Items listed in a dataset:

______

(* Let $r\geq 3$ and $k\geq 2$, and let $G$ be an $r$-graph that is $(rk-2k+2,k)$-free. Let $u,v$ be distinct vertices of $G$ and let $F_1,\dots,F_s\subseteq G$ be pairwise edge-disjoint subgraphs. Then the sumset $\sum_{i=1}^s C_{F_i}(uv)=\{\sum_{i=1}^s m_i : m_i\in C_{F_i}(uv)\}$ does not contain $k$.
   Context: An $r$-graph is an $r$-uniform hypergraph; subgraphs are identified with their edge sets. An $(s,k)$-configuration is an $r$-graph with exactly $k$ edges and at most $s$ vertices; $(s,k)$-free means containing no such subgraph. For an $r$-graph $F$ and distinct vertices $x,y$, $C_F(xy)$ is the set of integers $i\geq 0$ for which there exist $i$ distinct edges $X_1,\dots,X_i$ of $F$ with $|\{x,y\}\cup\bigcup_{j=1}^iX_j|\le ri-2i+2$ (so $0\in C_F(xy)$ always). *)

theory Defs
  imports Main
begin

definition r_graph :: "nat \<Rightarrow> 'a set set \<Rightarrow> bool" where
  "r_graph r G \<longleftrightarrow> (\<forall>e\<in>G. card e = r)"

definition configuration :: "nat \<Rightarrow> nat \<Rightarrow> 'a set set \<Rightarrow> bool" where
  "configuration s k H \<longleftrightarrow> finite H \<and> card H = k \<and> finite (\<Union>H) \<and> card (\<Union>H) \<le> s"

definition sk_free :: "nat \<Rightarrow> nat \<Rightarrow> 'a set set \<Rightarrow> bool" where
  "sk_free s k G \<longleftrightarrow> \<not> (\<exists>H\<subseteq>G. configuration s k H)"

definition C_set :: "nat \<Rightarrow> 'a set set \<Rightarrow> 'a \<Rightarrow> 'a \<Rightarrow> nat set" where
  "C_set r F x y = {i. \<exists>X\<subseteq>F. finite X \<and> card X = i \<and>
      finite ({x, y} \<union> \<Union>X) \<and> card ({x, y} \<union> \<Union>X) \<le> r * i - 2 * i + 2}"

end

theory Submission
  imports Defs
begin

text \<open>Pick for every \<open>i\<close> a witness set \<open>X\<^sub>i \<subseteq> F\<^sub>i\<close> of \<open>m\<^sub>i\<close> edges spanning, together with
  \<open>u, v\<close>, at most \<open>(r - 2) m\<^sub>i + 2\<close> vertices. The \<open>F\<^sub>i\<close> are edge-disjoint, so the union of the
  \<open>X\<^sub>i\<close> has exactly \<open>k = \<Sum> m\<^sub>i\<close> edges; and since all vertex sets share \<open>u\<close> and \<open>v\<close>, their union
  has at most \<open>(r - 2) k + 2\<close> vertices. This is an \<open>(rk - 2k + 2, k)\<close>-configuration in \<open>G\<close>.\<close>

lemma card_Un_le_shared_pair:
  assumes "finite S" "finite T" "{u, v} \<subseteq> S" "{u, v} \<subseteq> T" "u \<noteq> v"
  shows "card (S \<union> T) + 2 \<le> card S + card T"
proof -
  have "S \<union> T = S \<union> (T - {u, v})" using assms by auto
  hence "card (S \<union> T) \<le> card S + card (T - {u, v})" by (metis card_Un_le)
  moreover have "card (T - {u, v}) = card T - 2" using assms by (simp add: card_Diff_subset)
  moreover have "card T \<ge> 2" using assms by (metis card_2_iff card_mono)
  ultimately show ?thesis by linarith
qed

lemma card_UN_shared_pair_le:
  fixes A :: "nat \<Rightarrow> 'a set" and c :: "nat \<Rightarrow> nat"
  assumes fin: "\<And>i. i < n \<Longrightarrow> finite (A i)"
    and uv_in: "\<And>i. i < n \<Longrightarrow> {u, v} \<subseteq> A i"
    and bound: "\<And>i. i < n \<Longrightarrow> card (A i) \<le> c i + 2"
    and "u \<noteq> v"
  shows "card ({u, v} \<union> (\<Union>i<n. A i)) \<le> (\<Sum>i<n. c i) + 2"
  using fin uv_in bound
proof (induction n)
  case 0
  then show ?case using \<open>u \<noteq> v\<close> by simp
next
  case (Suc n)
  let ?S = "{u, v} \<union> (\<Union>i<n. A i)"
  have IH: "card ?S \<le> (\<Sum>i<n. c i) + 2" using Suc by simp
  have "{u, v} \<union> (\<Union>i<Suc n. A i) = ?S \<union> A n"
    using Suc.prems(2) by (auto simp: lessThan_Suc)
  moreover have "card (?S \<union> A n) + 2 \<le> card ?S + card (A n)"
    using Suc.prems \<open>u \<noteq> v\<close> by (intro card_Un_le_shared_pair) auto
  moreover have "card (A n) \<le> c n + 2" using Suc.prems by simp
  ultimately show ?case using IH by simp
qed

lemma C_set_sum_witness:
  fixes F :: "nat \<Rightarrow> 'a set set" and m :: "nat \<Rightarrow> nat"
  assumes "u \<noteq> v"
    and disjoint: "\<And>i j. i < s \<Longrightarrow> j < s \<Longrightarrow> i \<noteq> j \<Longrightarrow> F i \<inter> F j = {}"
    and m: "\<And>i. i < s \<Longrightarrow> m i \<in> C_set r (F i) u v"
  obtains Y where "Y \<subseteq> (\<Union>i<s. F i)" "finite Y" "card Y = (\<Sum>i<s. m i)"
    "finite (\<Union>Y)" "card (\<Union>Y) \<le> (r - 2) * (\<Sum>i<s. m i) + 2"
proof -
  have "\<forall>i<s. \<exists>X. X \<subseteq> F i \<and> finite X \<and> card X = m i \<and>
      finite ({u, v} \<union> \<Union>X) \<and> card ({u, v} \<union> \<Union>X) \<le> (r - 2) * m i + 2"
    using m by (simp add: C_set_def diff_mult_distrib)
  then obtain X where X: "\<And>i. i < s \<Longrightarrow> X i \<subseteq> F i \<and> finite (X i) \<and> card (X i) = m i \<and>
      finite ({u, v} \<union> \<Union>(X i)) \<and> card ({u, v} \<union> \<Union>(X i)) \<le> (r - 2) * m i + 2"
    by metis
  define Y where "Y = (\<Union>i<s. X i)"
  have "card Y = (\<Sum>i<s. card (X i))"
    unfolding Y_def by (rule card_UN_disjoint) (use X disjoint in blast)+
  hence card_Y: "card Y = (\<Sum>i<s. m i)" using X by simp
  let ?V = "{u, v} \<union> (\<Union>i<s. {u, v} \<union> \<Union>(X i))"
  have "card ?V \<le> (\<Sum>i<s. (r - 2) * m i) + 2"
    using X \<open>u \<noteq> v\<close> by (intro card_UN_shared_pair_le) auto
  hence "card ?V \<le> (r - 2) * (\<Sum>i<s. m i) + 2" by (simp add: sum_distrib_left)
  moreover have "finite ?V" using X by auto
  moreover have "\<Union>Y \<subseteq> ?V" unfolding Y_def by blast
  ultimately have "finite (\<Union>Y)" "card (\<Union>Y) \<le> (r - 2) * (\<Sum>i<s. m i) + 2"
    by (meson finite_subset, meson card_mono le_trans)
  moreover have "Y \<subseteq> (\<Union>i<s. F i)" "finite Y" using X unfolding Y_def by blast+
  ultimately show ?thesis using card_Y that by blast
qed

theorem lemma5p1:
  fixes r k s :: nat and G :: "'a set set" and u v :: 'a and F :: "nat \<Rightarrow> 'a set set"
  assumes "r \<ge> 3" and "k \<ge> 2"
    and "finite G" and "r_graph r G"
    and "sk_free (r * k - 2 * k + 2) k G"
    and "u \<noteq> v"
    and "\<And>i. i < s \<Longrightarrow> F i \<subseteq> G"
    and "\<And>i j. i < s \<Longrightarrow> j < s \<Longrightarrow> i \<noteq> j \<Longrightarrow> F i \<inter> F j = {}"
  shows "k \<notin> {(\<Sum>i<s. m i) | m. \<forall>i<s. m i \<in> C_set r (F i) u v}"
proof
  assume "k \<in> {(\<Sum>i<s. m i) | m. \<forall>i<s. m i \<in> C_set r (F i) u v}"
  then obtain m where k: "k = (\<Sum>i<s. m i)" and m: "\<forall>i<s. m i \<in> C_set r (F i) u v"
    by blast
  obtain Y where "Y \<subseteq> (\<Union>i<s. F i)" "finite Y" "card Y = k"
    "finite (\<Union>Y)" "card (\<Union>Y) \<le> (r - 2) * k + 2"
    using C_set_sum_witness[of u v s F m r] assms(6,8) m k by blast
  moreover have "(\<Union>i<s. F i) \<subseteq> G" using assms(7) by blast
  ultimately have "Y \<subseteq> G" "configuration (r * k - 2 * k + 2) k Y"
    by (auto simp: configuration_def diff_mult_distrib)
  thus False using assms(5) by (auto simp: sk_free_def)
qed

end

______

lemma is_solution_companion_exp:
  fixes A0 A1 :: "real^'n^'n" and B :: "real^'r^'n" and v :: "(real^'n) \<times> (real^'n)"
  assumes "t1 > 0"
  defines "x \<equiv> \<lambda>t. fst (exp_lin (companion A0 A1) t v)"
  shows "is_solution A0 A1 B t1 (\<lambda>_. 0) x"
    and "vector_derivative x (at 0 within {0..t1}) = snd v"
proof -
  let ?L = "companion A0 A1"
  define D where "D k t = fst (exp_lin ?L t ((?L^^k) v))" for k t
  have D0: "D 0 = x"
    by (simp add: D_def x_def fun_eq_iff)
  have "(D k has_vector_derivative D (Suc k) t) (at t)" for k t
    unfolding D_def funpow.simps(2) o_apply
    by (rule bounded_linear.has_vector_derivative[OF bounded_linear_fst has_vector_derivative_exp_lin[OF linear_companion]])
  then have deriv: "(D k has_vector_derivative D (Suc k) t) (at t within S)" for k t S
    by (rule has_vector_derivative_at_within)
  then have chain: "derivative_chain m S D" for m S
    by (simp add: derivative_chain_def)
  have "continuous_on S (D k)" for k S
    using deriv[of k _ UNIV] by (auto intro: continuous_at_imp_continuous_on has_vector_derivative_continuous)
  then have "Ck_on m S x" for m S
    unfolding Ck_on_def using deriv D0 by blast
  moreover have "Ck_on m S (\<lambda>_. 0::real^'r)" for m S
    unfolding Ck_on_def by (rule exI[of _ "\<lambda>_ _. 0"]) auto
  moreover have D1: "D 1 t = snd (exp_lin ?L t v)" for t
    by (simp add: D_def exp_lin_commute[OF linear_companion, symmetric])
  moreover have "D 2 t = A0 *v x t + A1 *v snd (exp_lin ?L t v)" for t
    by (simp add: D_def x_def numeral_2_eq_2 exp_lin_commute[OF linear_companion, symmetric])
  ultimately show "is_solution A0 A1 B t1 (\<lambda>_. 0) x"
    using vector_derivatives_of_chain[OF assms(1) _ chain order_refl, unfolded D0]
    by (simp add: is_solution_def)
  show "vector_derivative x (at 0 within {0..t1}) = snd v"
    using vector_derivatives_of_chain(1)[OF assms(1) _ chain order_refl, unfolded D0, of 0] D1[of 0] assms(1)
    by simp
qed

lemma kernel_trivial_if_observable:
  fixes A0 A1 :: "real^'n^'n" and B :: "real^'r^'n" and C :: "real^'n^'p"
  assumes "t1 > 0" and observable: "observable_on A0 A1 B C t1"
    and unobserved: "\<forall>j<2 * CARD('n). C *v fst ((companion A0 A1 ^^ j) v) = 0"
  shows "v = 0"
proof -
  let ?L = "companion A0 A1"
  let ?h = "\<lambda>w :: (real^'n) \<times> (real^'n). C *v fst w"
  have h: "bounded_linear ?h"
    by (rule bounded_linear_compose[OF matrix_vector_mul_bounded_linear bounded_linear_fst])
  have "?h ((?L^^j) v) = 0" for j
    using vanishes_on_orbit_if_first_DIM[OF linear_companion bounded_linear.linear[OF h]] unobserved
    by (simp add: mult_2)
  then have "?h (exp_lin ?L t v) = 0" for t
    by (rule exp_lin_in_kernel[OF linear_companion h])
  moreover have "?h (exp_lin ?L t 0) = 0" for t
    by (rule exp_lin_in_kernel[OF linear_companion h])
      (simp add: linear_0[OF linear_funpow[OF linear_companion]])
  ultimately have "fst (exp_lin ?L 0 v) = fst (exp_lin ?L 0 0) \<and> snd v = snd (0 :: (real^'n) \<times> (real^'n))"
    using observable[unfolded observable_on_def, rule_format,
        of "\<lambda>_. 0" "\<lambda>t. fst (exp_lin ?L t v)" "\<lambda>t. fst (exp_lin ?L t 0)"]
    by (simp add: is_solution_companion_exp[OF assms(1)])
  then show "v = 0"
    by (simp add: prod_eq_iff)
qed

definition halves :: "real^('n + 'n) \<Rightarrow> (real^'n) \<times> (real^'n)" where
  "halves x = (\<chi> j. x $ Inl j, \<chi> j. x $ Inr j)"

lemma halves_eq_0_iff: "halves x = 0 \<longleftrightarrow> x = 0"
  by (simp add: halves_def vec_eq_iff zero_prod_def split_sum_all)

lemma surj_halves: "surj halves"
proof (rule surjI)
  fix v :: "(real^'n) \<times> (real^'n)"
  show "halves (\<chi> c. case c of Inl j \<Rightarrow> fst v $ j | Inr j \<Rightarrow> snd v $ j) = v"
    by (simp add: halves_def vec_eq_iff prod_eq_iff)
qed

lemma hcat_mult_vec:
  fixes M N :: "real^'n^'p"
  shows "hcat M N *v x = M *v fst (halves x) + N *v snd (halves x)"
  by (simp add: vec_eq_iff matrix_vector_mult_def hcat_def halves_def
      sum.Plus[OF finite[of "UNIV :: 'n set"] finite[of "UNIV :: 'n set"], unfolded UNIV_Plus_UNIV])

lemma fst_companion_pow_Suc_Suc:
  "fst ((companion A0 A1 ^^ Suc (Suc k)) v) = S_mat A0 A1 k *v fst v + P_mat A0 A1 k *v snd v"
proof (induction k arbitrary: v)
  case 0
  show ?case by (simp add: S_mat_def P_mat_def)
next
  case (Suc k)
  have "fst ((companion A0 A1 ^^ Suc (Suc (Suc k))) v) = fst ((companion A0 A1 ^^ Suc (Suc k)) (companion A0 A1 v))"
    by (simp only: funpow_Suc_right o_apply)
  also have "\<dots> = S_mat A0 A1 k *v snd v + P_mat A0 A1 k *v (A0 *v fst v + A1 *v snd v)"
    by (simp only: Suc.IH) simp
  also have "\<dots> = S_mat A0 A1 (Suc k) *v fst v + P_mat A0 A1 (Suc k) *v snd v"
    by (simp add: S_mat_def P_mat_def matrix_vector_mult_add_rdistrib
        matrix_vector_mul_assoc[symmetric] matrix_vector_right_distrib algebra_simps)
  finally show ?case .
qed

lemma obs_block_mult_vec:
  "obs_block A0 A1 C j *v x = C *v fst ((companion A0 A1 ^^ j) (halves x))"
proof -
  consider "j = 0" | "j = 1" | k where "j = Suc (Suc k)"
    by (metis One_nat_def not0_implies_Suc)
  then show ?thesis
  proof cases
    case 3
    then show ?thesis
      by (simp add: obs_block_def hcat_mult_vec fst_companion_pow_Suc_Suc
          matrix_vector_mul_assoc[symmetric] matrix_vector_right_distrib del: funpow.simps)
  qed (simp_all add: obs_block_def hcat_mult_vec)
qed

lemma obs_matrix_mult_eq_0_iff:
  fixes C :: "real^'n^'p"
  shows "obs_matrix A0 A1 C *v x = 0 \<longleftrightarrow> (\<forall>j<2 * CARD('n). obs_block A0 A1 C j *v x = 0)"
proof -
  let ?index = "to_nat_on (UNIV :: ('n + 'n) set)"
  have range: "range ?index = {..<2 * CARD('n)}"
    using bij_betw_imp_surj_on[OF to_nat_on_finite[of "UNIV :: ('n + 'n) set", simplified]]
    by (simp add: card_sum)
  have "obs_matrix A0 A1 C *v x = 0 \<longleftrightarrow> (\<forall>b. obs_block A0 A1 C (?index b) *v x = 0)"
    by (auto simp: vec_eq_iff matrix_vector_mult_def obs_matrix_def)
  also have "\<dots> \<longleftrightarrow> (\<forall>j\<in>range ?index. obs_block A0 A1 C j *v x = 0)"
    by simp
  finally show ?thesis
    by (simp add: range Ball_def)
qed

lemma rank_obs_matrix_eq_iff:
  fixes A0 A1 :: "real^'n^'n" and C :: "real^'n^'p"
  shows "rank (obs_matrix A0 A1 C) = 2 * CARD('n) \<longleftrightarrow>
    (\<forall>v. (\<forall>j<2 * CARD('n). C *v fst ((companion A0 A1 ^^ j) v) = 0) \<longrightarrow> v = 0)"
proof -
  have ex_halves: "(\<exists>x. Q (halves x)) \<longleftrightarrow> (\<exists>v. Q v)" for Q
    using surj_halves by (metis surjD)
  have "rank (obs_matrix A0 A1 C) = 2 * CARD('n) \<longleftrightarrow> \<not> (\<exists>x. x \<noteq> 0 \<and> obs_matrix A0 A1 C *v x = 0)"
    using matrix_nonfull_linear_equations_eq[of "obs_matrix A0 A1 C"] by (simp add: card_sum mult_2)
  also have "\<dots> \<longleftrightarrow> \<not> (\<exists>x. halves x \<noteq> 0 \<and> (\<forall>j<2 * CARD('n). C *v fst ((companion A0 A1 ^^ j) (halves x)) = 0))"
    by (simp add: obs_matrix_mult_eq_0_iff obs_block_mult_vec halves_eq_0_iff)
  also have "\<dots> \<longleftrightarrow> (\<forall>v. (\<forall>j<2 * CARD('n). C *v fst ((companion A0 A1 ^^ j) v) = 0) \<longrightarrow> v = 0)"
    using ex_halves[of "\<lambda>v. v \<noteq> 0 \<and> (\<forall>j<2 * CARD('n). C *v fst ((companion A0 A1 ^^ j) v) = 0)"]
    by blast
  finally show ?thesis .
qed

______

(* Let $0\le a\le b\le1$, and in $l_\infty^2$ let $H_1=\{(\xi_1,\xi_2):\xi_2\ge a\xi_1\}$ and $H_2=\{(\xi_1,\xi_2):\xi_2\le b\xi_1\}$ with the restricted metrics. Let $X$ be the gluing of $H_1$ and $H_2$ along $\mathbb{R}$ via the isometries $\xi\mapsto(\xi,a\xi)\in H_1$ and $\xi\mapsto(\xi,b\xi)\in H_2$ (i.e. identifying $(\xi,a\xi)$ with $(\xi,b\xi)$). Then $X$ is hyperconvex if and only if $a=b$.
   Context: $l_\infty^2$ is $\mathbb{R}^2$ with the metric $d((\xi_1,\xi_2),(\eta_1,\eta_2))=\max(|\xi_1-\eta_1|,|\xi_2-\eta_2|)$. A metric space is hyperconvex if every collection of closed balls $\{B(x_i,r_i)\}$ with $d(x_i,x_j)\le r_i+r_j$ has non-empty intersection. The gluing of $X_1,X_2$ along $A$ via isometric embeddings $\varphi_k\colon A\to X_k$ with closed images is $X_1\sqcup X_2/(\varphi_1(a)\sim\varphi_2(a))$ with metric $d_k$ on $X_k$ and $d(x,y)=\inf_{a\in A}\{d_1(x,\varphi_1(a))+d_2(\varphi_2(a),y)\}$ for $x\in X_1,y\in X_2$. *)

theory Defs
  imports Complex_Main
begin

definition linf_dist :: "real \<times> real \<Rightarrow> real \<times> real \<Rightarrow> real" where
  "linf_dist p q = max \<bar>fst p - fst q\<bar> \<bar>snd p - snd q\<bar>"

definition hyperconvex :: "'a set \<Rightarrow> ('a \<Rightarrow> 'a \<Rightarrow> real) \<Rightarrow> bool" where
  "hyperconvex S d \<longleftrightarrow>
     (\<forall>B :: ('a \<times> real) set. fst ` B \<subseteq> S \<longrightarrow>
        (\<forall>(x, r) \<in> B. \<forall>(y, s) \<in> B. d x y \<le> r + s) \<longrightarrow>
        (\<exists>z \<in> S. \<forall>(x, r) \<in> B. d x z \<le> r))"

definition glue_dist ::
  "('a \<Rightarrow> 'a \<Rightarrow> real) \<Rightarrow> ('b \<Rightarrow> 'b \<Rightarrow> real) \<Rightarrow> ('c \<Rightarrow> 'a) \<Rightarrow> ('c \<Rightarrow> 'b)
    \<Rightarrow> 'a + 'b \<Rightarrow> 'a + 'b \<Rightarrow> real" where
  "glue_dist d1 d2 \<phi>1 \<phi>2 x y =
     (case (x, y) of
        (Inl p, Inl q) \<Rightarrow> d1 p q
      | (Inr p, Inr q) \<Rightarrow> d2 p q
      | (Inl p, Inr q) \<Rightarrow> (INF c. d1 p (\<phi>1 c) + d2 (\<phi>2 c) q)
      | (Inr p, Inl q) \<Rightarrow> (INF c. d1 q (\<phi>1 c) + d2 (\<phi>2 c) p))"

______

Try it: Where the word "thesis" shows up in a line of the entries above, copy that line.

Task result:
  ultimately show ?thesis by linarith
  ultimately show ?thesis using card_Y that by blast
  then show ?thesis
    then show ?thesis
  finally show ?thesis
  finally show ?thesis .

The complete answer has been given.